I like lists, so bear with me

Packing and unpacking are not life skills I’ve managed to acquire yet. I’m good at having small, contained piles of things, and knowing exactly where everything is in each of them. I have books in order on shelves, files full of financial papers sorted by date, and fancy CD racks in which my music is organized by genre. But when it comes to getting all these things into boxes, or back out of them and into some kind of order, everything goes wrong. I open a box, take out three books, realize I have no room for those books, move some of the books I hate (yes, there are some) into the playroom, throw out a few thin paperbacks from the days of the Scholastic book orders while I’m there, return to my room, see the papers on my desk I’m supposed to be sorting, open a desk drawer, remember that this was not what I was doing earlier, find the books I began with, and pass out foaming at the mouth.

The files have been a great adventure.

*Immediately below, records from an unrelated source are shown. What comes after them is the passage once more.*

lemma root_diff_if_acute:
  assumes a: "a \<in> R" and b: "b \<in> R" and "a \<noteq> b" and acute: "Re (bf a b) > 0"
  shows "a - b \<in> R"
proof (cases "(Re (bf a b))\<^sup>2 \<ge> Re (bf a a) * Re (bf b b)")
  case True
  define t where "t = Re (bf a b) / Re (bf b b)"
  have ab: "a = csm (of_real t) b"
    unfolding t_def using True realv_root a b Re_bf_root_self_pos
    by (intro realv_collinear_if_bf_sq_ge) auto
  then have "t = 1 \<or> t = -1"
    using root_multiple[OF b] a by metis
  moreover have "t > 0"
    unfolding t_def using acute Re_bf_root_self_pos[OF b] by simp
  ultimately have "a = b" using ab by auto
  with \<open>a \<noteq> b\<close> show ?thesis by contradiction
next
  case False
  obtain k1 :: int where k1: "bf a (coroot b) = of_int k1" "k1 = 2 * Re (bf b a) / Re (bf b b)"
    using bf_coroot_root_of_int[OF b a] .
  obtain k2 :: int where k2: "bf b (coroot a) = of_int k2" "k2 = 2 * Re (bf a b) / Re (bf a a)"
    using bf_coroot_root_of_int[OF a b] .
  have ba: "Re (bf b a) = Re (bf a b)" by (simp add: bf_commute)
  have "k1 > 0" "k2 > 0"
    using k1(2) k2(2) ba acute Re_bf_root_self_pos[OF a] Re_bf_root_self_pos[OF b]
    by (metis divide_pos_pos mult_pos_pos zero_less_numeral of_int_0_less_iff)+
  moreover have "real_of_int (k1 * k2) * (Re (bf a a) * Re (bf b b)) = 4 * (Re (bf a b))\<^sup>2"
    using Re_bf_root_self_pos[OF a] Re_bf_root_self_pos[OF b]
    by (simp add: k1(2) k2(2) ba power2_eq_square)
  then have "real_of_int (k1 * k2) * (Re (bf a a) * Re (bf b b)) < 4 * (Re (bf a a) * Re (bf b b))"
    using False by simp
  then have "real_of_int (k1 * k2) < 4"
    using Re_bf_root_self_pos[OF a] Re_bf_root_self_pos[OF b] by simp
  then have "k1 * k2 < 4" by linarith
  moreover have "k1 * k2 \<ge> 4" if "k1 \<ge> 2" "k2 \<ge> 2"
    using mult_mono[OF that] that by simp
  ultimately have "k1 = 1 \<or> k2 = 1"
    by linarith
  then show ?thesis
  proof
    assume "k1 = 1"
    then have "refl b a = a - b" unfolding refl_def using k1(1) by simp
    then show ?thesis using refl_root[OF b a] by simp
  next
    assume "k2 = 1"
    then have "refl a b = - (a - b)" unfolding refl_def using k2(1) by simp
    then show ?thesis using uminus_root[OF refl_root[OF a b]] by simp
  qed
qed

lemma simple_roots_obtuse:
  assumes a: "a \<in> S" and b: "b \<in> S" and "a \<noteq> b"
  shows "Re (bf a b) \<le> 0"
proof (rule ccontr)
  assume "\<not> ?thesis"
  then have "a - b \<in> R"
    using root_diff_if_acute simple_root_imp_root a b \<open>a \<noteq> b\<close> by simp
  then have "a - b \<in> P \<or> b - a \<in> P"
    using root_cases by fastforce
  then show False
    using simple_root_ne_add[OF a, of b "a - b"] simple_root_ne_add[OF b, of a "b - a"]
      simple_root_imp_pos_root a b by auto
qed

lemma refl_simple_pos_root:
  assumes a: "a \<in> S" and b: "b \<in> P" and "b \<noteq> a"
  shows "refl a b \<in> P"
proof (rule ccontr)
  assume "refl a b \<notin> P"
  have aR: "a \<in> R" and bR: "b \<in> R"
    using a b simple_root_imp_root pos_root_imp_root by auto
  obtain k :: int where k: "bf b (coroot a) = of_int k"
    using bf_coroot_root_of_int[OF aR bR] by blast
  have "- refl a b \<in> P"
    using root_cases refl_root[OF aR bR] \<open>refl a b \<notin> P\<close> by blast
  then have "csm (of_int k) a - b \<in> P"
    unfolding refl_def k by simp
  then obtain ys where ys: "set ys \<subseteq> S" "csm (of_int k) a - b = sum_list ys"
    using pos_root_sum_simple_roots by blast
  obtain xs where xs: "set xs \<subseteq> S" "b = sum_list xs"
    using pos_root_sum_simple_roots b by blast
  text \<open>Collecting the occurrences of \<open>a\<close> in \<open>xs @ ys\<close> writes a multiple of \<open>a\<close> as a sum
    of the other simple roots, which is impossible since those are obtuse to \<open>a\<close>.\<close>
  define zs where "zs = filter (\<lambda>x. x \<noteq> a) (xs @ ys)"
  define m where "m = length (filter (\<lambda>x. x = a) (xs @ ys))"
  have "sum_list (xs @ ys) = b + (csm (of_int k) a - b)"
    using xs ys by simp
  then have "sum_list (xs @ ys) = csm (of_int k) a"
    by simp
  then have zs_sum: "sum_list zs = csm (of_int (k - int m)) a"
    using sum_list_split_off[of "xs @ ys" a] unfolding zs_def m_def
    by (simp add: csm_diff_left eq_diff_eq)
  have zsS: "set zs \<subseteq> S - {a}"
    using xs ys unfolding zs_def by auto
  show False
  proof (cases "zs = []")
    case True
    then have no_other: "filter (\<lambda>x. x \<noteq> a) xs = []" unfolding zs_def by simp
    define n where "n = real (length (filter (\<lambda>x. x = a) xs))"
    have "b = csm (of_real n) a"
      using sum_list_split_off[of xs a] xs no_other unfolding n_def by simp
    moreover have "n = 1"
      using root_multiple[OF aR] bR calculation unfolding n_def by fastforce
    ultimately have "b = a"
      by simp
    with \<open>b \<noteq> a\<close> show False by contradiction
  next
    case False
    have "Re (bf (sum_list zs) \<gamma>) > 0"
      using False zsS ht_pos_root simple_root_imp_pos_root
      by (intro Re_bf_sum_list_pos) (auto simp: ht_def)
    then have "k - int m > 0"
      using zs_sum ht_pos_root[OF simple_root_imp_pos_root[OF a]]
      by (simp add: ht_def zero_less_mult_iff)
    moreover have "Re (bf (sum_list zs) a) \<le> 0"
      using zsS simple_roots_obtuse[OF _ a]
      by (auto simp: Re_bf_sum_list_left subset_iff intro!: sum_list_nonpos)
    ultimately show False
      using zs_sum Re_bf_root_self_pos[OF aR] by (simp add: mult_le_0_iff)
  qed
qed

section \<open>The Weyl group and its sign character\<close>

lemma csm_linear_weyl: "w \<in> W \<Longrightarrow> csm_linear w"
proof (induction rule: weyl.induct)
  case weyl_id
  show ?case by (rule csm_linear_id)
next
  case (weyl_step w a)
  show ?case by (rule csm_linear_comp[OF csm_linear_refl weyl_step.IH])
qed

lemma bf_weyl_weyl: "w \<in> W \<Longrightarrow> bf (w x) (w y) = bf x y"
  by (induction arbitrary: x y rule: weyl.induct) (auto simp: bf_refl_refl bf_root_self_nonzero)

lemma weyl_root: "w \<in> W \<Longrightarrow> a \<in> R \<Longrightarrow> w a \<in> R"
  by (induction rule: weyl.induct) (auto intro: refl_root)

lemma realv_weyl: "w \<in> W \<Longrightarrow> realv x \<Longrightarrow> realv (w x)"
  by (induction rule: weyl.induct) (auto intro: realv_refl realv_root)

lemma refl_in_weyl: "a \<in> R \<Longrightarrow> refl a \<in> W"
  using weyl_step[OF weyl_id, of a R] by simp

lemma weyl_comp:
  assumes "u \<in> W" "v \<in> W"
  shows "u \<circ> v \<in> W"
  using assms(1)
proof (induction rule: weyl.induct)
  case weyl_id
  then show ?case using assms(2) by simp
next
  case (weyl_step w a)
  then show ?case using weyl.weyl_step[OF weyl_step.IH weyl_step.hyps(2)] by (simp only: comp_assoc)
qed

lemma weyl_inverse: "w \<in> W \<Longrightarrow> \<exists>v\<in>W. (\<forall>x. v (w x) = x) \<and> (\<forall>x. w (v x) = x)"
proof (induction rule: weyl.induct)
  case weyl_id
  then show ?case by (intro bexI[of _ id]) (auto intro: weyl.weyl_id)
next
  case (weyl_step w a)
  then obtain v where "v \<in> W" "\<forall>x. v (w x) = x" "\<forall>x. w (v x) = x" by blast
  then show ?case
    using weyl_step.hyps(2)
    by (intro bexI[of _ "v \<circ> refl a"])
      (auto simp: refl_refl bf_root_self_nonzero weyl_comp refl_in_weyl)
qed

lemma weyl_inj:
  assumes "w \<in> W" "w x = w y"
  shows "x = y"
proof -
  obtain v where "\<forall>x. v (w x) = x"
    using weyl_inverse[OF assms(1)] by blast
  then show ?thesis
    using assms(2) by metis
qed

lemma roots_span: "\<exists>c::complex^'n \<Rightarrow> complex. x = (\<Sum>a\<in>R. csm (c a) a)"
proof -
  define x_re :: "complex^'n" where "x_re = (\<chi> i. of_real (Re (x$i)))"
  define x_im :: "complex^'n" where "x_im = (\<chi> i. of_real (Im (x$i)))"
  have "realv x_re" "realv x_im"
    unfolding x_re_def x_im_def realv_def by auto
  obtain c where c: "x_re = (\<Sum>a\<in>R. csm (of_real (c a)) a)"
    using roots_span_realv[OF \<open>realv x_re\<close>] by blast
  obtain d where d: "x_im = (\<Sum>a\<in>R. csm (of_real (d a)) a)"
    using roots_span_realv[OF \<open>realv x_im\<close>] by blast
  have "x = x_re + csm \<i> x_im"
    unfolding x_re_def x_im_def by (simp add: vec_eq_iff complex_eq_iff)
  also have "\<dots> = (\<Sum>a\<in>R. csm (of_real (c a) + \<i> * of_real (d a)) a)"
    unfolding c d by (simp add: csm_sum csm_add_left sum.distrib)
  finally show ?thesis
    by (rule exI[where x = "\<lambda>a. of_real (c a) + \<i> * of_real (d a)"])
qed

lemma weyl_eqI:
  assumes "u \<in> W" "v \<in> W" and "\<And>a. a \<in> R \<Longrightarrow> u a = v a"
  shows "u = v"
proof
  fix x
  obtain c where "x = (\<Sum>a\<in>R. csm (c a) a)"
    using roots_span by blast
  then show "u x = v x"
    using csm_linear_weyl[OF assms(1)] csm_linear_weyl[OF assms(2)] assms(3)
    by (simp add: csm_linear_sum csm_linear_csm)
qed

lemma finite_weyl: "finite W"
proof (rule inj_on_finite[of "\<lambda>w. restrict w R" W "R \<rightarrow>\<^sub>E R"])
  show "inj_on (\<lambda>w. restrict w R) W"
    by (rule inj_onI) (metis weyl_eqI restrict_apply')
  show "(\<lambda>w. restrict w R) ` W \<subseteq> R \<rightarrow>\<^sub>E R"
    using weyl_root by auto
  show "finite (R \<rightarrow>\<^sub>E R)"
    using finite_roots by (intro finite_PiE) auto
qed

lemma bij_betw_weyl_comp_left: "w \<in> W \<Longrightarrow> bij_betw ((\<circ>) w) W W"
proof -
  assume w: "w \<in> W"
  then obtain v where v: "v \<in> W" "\<forall>x. v (w x) = x" "\<forall>x. w (v x) = x"
    using weyl_inverse by blast
  show ?thesis
  proof (rule bij_betwI[where g = "(\<circ>) v"])
    show "(\<circ>) w \<in> W \<rightarrow> W" "(\<circ>) v \<in> W \<rightarrow> W"
      using weyl_comp w v(1) by auto
  qed (simp_all add: comp_def v)
qed

definition pos_image :: "(complex^'n \<Rightarrow> complex^'n) \<Rightarrow> complex^'n \<Rightarrow> complex^'n" where
  "pos_image w a = (if w a \<in> P then w a else - w a)"

lemma bij_betw_pos_image:
  assumes "w \<in> W"
  shows "bij_betw (pos_image w) P P"
proof -
  have "inj_on (pos_image w) P"
  proof (rule inj_onI)
    fix a b assume "a \<in> P" "b \<in> P" "pos_image w a = pos_image w b"
    then have "w a = w b \<or> w a = w (- b)"
      unfolding pos_image_def csm_linear_minus[OF csm_linear_weyl[OF assms]]
      by (auto split: if_splits simp: minus_equation_iff[of "w a"])
    then have "a = b \<or> a = - b"
      using weyl_inj[OF assms] by blast
    then show "a = b"
      using uminus_pos_root \<open>a \<in> P\<close> \<open>b \<in> P\<close> by blast
  qed
  moreover have "pos_image w ` P \<subseteq> P"
    unfolding pos_image_def using root_cases weyl_root[OF assms] pos_root_imp_root by auto
  ultimately show ?thesis
    unfolding bij_betw_def using endo_inj_surj[OF finite_pos_roots] by blast
qed

text \<open>This is \<open>(-1)\<^sup>l\<^sup>(\<^sup>w\<^sup>)\<close> (see \<open>neg_one_power_wlen\<close>); it is multiplicative because it is the factor
  by which \<open>w\<close> scales every odd product over the positive roots.\<close>
definition wsign :: "(complex^'n \<Rightarrow> complex^'n) \<Rightarrow> complex" where
  "wsign w = (-1) ^ card {a\<in>P. w a \<notin> P}"

lemma prod_pos_roots_weyl:
  assumes w: "w \<in> W" and odd: "\<And>x. F (- x) = - F x"
  shows "(\<Prod>a\<in>P. F (w a)) = wsign w * (\<Prod>a\<in>P. F a)"
proof -
  have "(\<Prod>a\<in>P. F (w a)) = (\<Prod>a\<in>P. (if w a \<in> P then 1 else -1) * F (pos_image w a))"
    by (rule prod.cong) (auto simp: pos_image_def odd)
  also have "\<dots> = (\<Prod>a\<in>P. (if w a \<in> P then 1 else -1)) * (\<Prod>a\<in>P. F (pos_image w a))"
    by (rule prod.distrib)
  also have "(\<Prod>a\<in>P. F (pos_image w a)) = (\<Prod>a\<in>P. F a)"
    using prod.reindex_bij_betw[OF bij_betw_pos_image[OF w]] .
  also have "(\<Prod>a\<in>P. (if w a \<in> P then 1 else -1 :: complex)) = (\<Prod>a\<in>{a\<in>P. w a \<notin> P}. -1)"
    by (rule prod.mono_neutral_cong_right) (use finite_pos_roots in auto)
  finally show ?thesis
    unfolding wsign_def by simp
qed

lemma prod_bf_pos_roots_\<gamma>_nonzero: "(\<Prod>a\<in>P. bf a \<gamma>) \<noteq> 0"
  using finite_pos_roots bf_root_\<gamma>_nonzero pos_root_imp_root by auto

lemma wsign_comp:
  assumes u: "u \<in> W" and v: "v \<in> W"
  shows "wsign (u \<circ> v) = wsign u * wsign v"
proof -
  have "wsign (u \<circ> v) * (\<Prod>a\<in>P. bf a \<gamma>) = (\<Prod>a\<in>P. bf (u (v a)) \<gamma>)"
    using prod_pos_roots_weyl[OF weyl_comp[OF u v], of "\<lambda>x. bf x \<gamma>"] by simp
  also have "\<dots> = wsign v * (\<Prod>a\<in>P. bf (u a) \<gamma>)"
    using csm_linear_minus[OF csm_linear_weyl[OF u]]
    by (intro prod_pos_roots_weyl[OF v, of "\<lambda>x. bf (u x) \<gamma>"]) simp
  also have "\<dots> = wsign v * (wsign u * (\<Prod>a\<in>P. bf a \<gamma>))"
    using prod_pos_roots_weyl[OF u, of "\<lambda>x. bf x \<gamma>"] by simp
  finally show ?thesis
    using prod_bf_pos_roots_\<gamma>_nonzero by (simp add: mult.commute)
qed

lemma wsign_cases: "wsign w = 1 \<or> wsign w = -1"
  unfolding wsign_def by (metis neg_one_even_power neg_one_odd_power)

lemma wsign_mult_self: "wsign w * wsign w = 1"
  using wsign_cases[of w] by auto

lemma wsign_id: "wsign id = 1"
  unfolding wsign_def by simp

lemma wsign_inverse:
  assumes "u \<in> W" "v \<in> W" "\<And>x. v (u x) = x"
  shows "wsign v = wsign u"
proof -
  have "v \<circ> u = id"
    using assms(3) by auto
  then have "wsign v * wsign u = 1"
    using wsign_comp[OF assms(2,1)] wsign_id by simp
  then show ?thesis
    using wsign_cases[of u] wsign_cases[of v] by auto
qed

lemma wsign_refl_simple:
  assumes "a \<in> S"
  shows "wsign (refl a) = -1"
proof -
  have "{b\<in>P. refl a b \<notin> P} = {a}"
    using refl_simple_pos_root[OF assms] refl_self[OF bf_root_self_nonzero]
      uminus_pos_root simple_root_imp_pos_root simple_root_imp_root assms by auto
  then show ?thesis
    unfolding wsign_def by simp
qed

So far I’ve recategorized all my bank and credit card stuff, purged five years of bank receipts, condensed my medical info, and thrown out all the crappy drawings of elves and Limited Too models I did between sixth and ninth grade.

Other fun stuff, and by “fun” I mean “oh lord please tell me I have made some social progress as a human being in the last eight years”:
-notes from class to my cool friends (who signed the notes LYLAS*), my crushes, and my nerdy friends (which featured little sketches of scenes from Lord of the Rings and which are mostly signed “Namarie,” which means “farewell”)
-The card my boyfriend at the time used to ask me to homecoming
-Episode 1-era fanfiction, featuring a girl whose Jedi parents were killed when she was young, and at the highly capable age of fifteen was currently serving Queen Amidala as some kind of independent Jedi spymaster. The Jedi Council decided she was too dangerous to be able to use the Force, or something, so they gave her this shot that killed her midichlorians, or something, so she couldn’t use the Force. Much languishing and weeping involved, as well as every single name of every single character mentioned in the Star Wars Encyclopedia which I definitely don’t still own.
-My 18th-birthday card from my friend Kellie, featuring such advice as “your job will probably suck until you’re thirty. Unless you die.”
-The receipt for my bike, purchased in 2002

And I still haven’t found my underwear.**

*Love Ya Like A Sister. I know.
**Luckily this is not yet a crisis, because I’m such a packrat that I have four or five pairs in my dresser already. But still.